For companies put off the intelligent-diagnostics route, thinking it will be both highly complex and expensive, the technology exists to alleviate such concerns and a comprehensive all-embracing diagnostic solution can be implemented in a relatively short start-up time and cost-effective manner.
The level of detail available can offer real help and support for the hard-pressed maintenance and plant engineers.
For example, system signal error messages can make all procedures traceable; which fault occurred and when? When was it acknowledged? When was the fault rectified?
The functionality of signalling system errors and the subsequent diagnostic status can be embraced on various systems, whether they are automation systems such as Siemens Simatic or through fieldbus systems such as Profibus or Profinet.
The outcome is overall diagnostic-driven transparency across the network that will deliver high plant availability thanks to fast error location and lead to speedy system start-up and automatic documentation back-up.
The next step is that of preventative maintenance and here the acquisition of diagnostic information will aid the development of maintenance strategies, for example, ongoing testing of the temperature of the CPU, the fan speed and many others.
The available information or 'intelligence' can then be managed on a proactive basis so that potential faults can be addressed before they become a live issue and a system comes to an expensive standstill.
From an everyday process standpoint, diagnostics can play a full part in keeping a plant running.
Used by machine or plant operators and maintenance personnel, the key tool is the HMI, which will provide reliable detection of errors in the process, identify the source of the error thanks to clear messages and clarify the corrective action to be taken to get the plant working again as speedily as possible.

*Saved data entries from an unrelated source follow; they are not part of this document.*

(* For $N\in\omega$ let $T_N=\{0,1\}^{\le N}$ be the set of $0$-$1$ sequences of length at most $N$ (including the empty sequence); for $s\in\{0,1\}^N$ let $F_s=\{s{\upharpoonright}k: k\le N\}\subseteq T_N$, and let $\mathcal{F}_N$ be the hereditary closure of $\{F_s: s\in\{0,1\}^N\}$. Let $x=\sum_{s\in\{0,1\}^N}\chi_{F_s}\in\mathbb{R}^{T_N}$. Then $\lVert x\rVert^{\mathcal{F}_N}=2^N(1+N/2)$, while $\lVert\chi_{F_s}\rVert^{\mathcal{F}_N}=1$ for each $s$. Consequently, if $T$ is the disjoint union of the sets $T_N$ ($N\in\omega$) (identified with $\omega$ via a bijection) and $\mathcal{F}=\bigcup_N\mathcal{F}_N$, then $\mathcal{F}$ is a compact hereditary family of finite sets covering $T$, there is no constant $C>0$ such that $\lVert\sum_{i\le n}x_i\rVert^{\mathcal{F}}\le C\sum_{i\le n}\lVert x_i\rVert^{\mathcal{F}}$ for all finite families $x_1,\dots,x_n\in c_{00}$, and $X^\mathcal{F}$ is not isomorphic to $X_\mathcal{F}^*$.
   Context: For a countable index set $I$ and a family $\mathcal{F}$ of finite subsets of $I$ (hereditary: closed under subsets; covering $I$), a partition is a family $\mathcal{P}$ of subsets of $I$ with $\emptyset\in\mathcal{P}$, $\bigcup\mathcal{P}=I$, elements pairwise disjoint; $\mathbb{P}_\mathcal{F}$ is the set of partitions contained in $\mathcal{F}$; for $x\in\mathbb{R}^I$, $\lVert x\rVert^{\mathcal{F}}=\inf_{\mathcal{P}\in\mathbb{P}_\mathcal{F}}\sum_{F\in\mathcal{P}}\sup_{k\in F}|x(k)|$. The hereditary closure of a family is the smallest hereditary family containing it. $\chi_A$ is the characteristic function of $A$. $X^\mathcal{F}$ is the completion of $c_{00}$ (finitely supported sequences) under $\lVert\cdot\rVert^\mathcal{F}$, $X_\mathcal{F}$ the completion of $c_{00}$ under $\lVert x\rVert_\mathcal{F}=\sup_{F\in\mathcal{F}}\sum_{k\in F}|x(k)|$, and $X_\mathcal{F}^*$ its dual. Compactness refers to the topology of $2^I$. *)

theory Defs
  imports "HOL-Analysis.Analysis"
begin

definition hereditary :: "'i set set \<Rightarrow> bool" where
  "hereditary Fam \<longleftrightarrow> (\<forall>A\<in>Fam. \<forall>B. B \<subseteq> A \<longrightarrow> B \<in> Fam)"

definition hered_closure :: "'i set set \<Rightarrow> 'i set set" where
  "hered_closure Fam = \<Inter>{G. hereditary G \<and> Fam \<subseteq> G}"

definition covers :: "'i set \<Rightarrow> 'i set set \<Rightarrow> bool" where
  "covers I Fam \<longleftrightarrow> (\<forall>A\<in>Fam. A \<subseteq> I) \<and> \<Union>Fam = I"

definition partitions :: "'i set \<Rightarrow> 'i set set set" where
  "partitions I = {P. {} \<in> P \<and> \<Union>P = I \<and> pairwise disjnt P}"

(* sup_{k in F} |x k|, with the convention 0 for F = {} (F is always finite here) *)
definition supabs :: "('i \<Rightarrow> real) \<Rightarrow> 'i set \<Rightarrow> real" where
  "supabs x F = (if F = {} then 0 else Max ((\<lambda>k. \<bar>x k\<bar>) ` F))"

(* the upper norm ||x||^F, valued in [0,\<infinity>] (sum of non-negative terms over a possibly infinite partition) *)
definition upper_norm :: "'i set \<Rightarrow> 'i set set \<Rightarrow> ('i \<Rightarrow> real) \<Rightarrow> ennreal" where
  "upper_norm I Fam x =
     (INF P \<in> {P \<in> partitions I. P \<subseteq> Fam}. (\<Sum>\<^sub>\<infinity>F\<in>P. ennreal (supabs x F)))"

definition c00 :: "'i set \<Rightarrow> ('i \<Rightarrow> real) set" where
  "c00 I = {x. finite {k. x k \<noteq> 0} \<and> {k. x k \<noteq> 0} \<subseteq> I}"

definition lower_norm :: "'i set set \<Rightarrow> ('i \<Rightarrow> real) \<Rightarrow> ennreal" where
  "lower_norm Fam x = (SUP F \<in> Fam. ennreal (\<Sum>k\<in>F. \<bar>x k\<bar>))"

(* the dual X_F^*: a bounded functional on X_F is determined by its values y k on unit vectors;
   dual norm = sup over the (dense) unit ball of c00 *)
definition dual_norm :: "'i set \<Rightarrow> 'i set set \<Rightarrow> ('i \<Rightarrow> real) \<Rightarrow> ennreal" where
  "dual_norm I Fam y = (SUP x \<in> {x \<in> c00 I. lower_norm Fam x \<le> 1}.
       ennreal \<bar>\<Sum>k\<in>{k. x k \<noteq> 0}. x k * y k\<bar>)"

definition dual_space :: "'i set \<Rightarrow> 'i set set \<Rightarrow> ('i \<Rightarrow> real) set" where
  "dual_space I Fam = {y. (\<forall>k. k \<notin> I \<longrightarrow> y k = 0) \<and> dual_norm I Fam y < \<infinity>}"

(* X^F (completion of c00 under ||.||^F) is isomorphic to X_F^*:
   a linear map on the dense subspace c00, bounded above and below, with dense range *)
definition upper_iso_dual :: "'i set \<Rightarrow> 'i set set \<Rightarrow> bool" where
  "upper_iso_dual I Fam \<longleftrightarrow>
    (\<exists>T c C. c > 0 \<and> C > 0 \<and>
       (\<forall>x\<in>c00 I. T x \<in> dual_space I Fam) \<and>
       (\<forall>x\<in>c00 I. \<forall>y\<in>c00 I. \<forall>a b::real. T (\<lambda>k. a * x k + b * y k) = (\<lambda>k. a * T x k + b * T y k)) \<and>
       (\<forall>x\<in>c00 I. ennreal c * upper_norm I Fam x \<le> dual_norm I Fam (T x)
                 \<and> dual_norm I Fam (T x) \<le> ennreal C * upper_norm I Fam x) \<and>
       (\<forall>y\<in>dual_space I Fam. \<forall>e>0. \<exists>x\<in>c00 I. dual_norm I Fam (\<lambda>k. y k - T x k) < ennreal e))"

definition compact_family :: "'i set \<Rightarrow> 'i set set \<Rightarrow> bool" where
  "compact_family I Fam \<longleftrightarrow>
     compactin (product_topology (\<lambda>_. discrete_topology (UNIV::bool set)) I)
               ((\<lambda>A. \<lambda>i\<in>I. i \<in> A) ` Fam)"

definition TN :: "nat \<Rightarrow> bool list set" where
  "TN N = {s. length s \<le> N}"

definition Fs :: "bool list \<Rightarrow> bool list set" where
  "Fs s = {take k s | k. k \<le> length s}"

definition FamN :: "nat \<Rightarrow> bool list set set" where
  "FamN N = hered_closure {Fs s | s. length s = N}"

definition xN :: "nat \<Rightarrow> bool list \<Rightarrow> real" where
  "xN N = (\<lambda>t. \<Sum>s\<in>{s. length s = N}. indicator (Fs s) t)"

definition Tall :: "(nat \<times> bool list) set" where
  "Tall = (SIGMA N:UNIV. TN N)"

definition Famall :: "(nat \<times> bool list) set set" where
  "Famall = (\<Union>N. (\<lambda>A. Pair N ` A) ` FamN N)"

end

(* Lower bound: weight the nodes of T_N so that on every branch the nodes of lengths
   k, ..., N carry total weight 2^(N-k), the value of x at the node of length k.  A set of
   F_N lies on one branch, so its weight is at most the maximum of x on it, and every
   admissible partition costs at least the total weight 2^N (1 + N/2).
   Upper bound: partition T_N according to the sequence left after deleting trailing zeros;
   the class of t lies on one branch and x is at most 2^(N-|t|) on it, which sums to the
   same total.
   The 2^N indicators of the sets F_s have norm 1 and sum to x, and the weight argument
   works verbatim for the copy of T_N inside T, so no constant C exists for T; an
   isomorphism of X^F onto the dual of X_F would provide one, as the dual norm is
   subadditive. *)

theory Submission
  imports Defs
begin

With automatic generation of individual monitoring programmes and integration into the HMI, and the ability to select criteria analysis that matches the particular need of the process in question, the operators and maintenance personnel can have the right type of information to hand at the right time to make a real difference in terms of intelligence-led information and, ultimately, crucial time-saving achievement.
It means they will know what has happened, where it has happened, when it happened and what to do to rectify the situation in a pressurised scenario when downtime means money off bottom-line profits.
The basic functions of process diagnostics will help detect errors, for instance, runtime error of a slide valve, and record and report the error.
Sitting alongside the intelligent approach via the HMI, using the criteria analysis already agreed and set up, diagnostics information will determine and display the signals that caused the error and give a true and accurate picture of the situation.
The future use of intelligent diagnostics can embrace the advantages of the internet even outside the plant with, for example, OEMs able to access the diagnostic profile of a remotely situated machine and potentially offer advice over the telephone to solve a fault, without the need, for instance, to despatch an engineer on a long and expensive trip to solve what could be a simple fault.
At a time when every penny counts in terms of manufacturing or process competiveness, intelligence-led diagnostics is an area that can add real bottom-line value.
Solutions can be quickly installed, give fast detection and display of process faults, are easy-to-use, can be made bespoke to specific plant operations, and can be targeted to service applications if required.
An intelligence-led diagnostic implementation strategy can play a central role in helping to keep a system working effectively and a production plant working harder.
It can help save money and enable businesses to operate more efficiently.
If companies are faced with questions concerning high plant availability and cost reduction, then intelligent diagnostics should be part of the answer.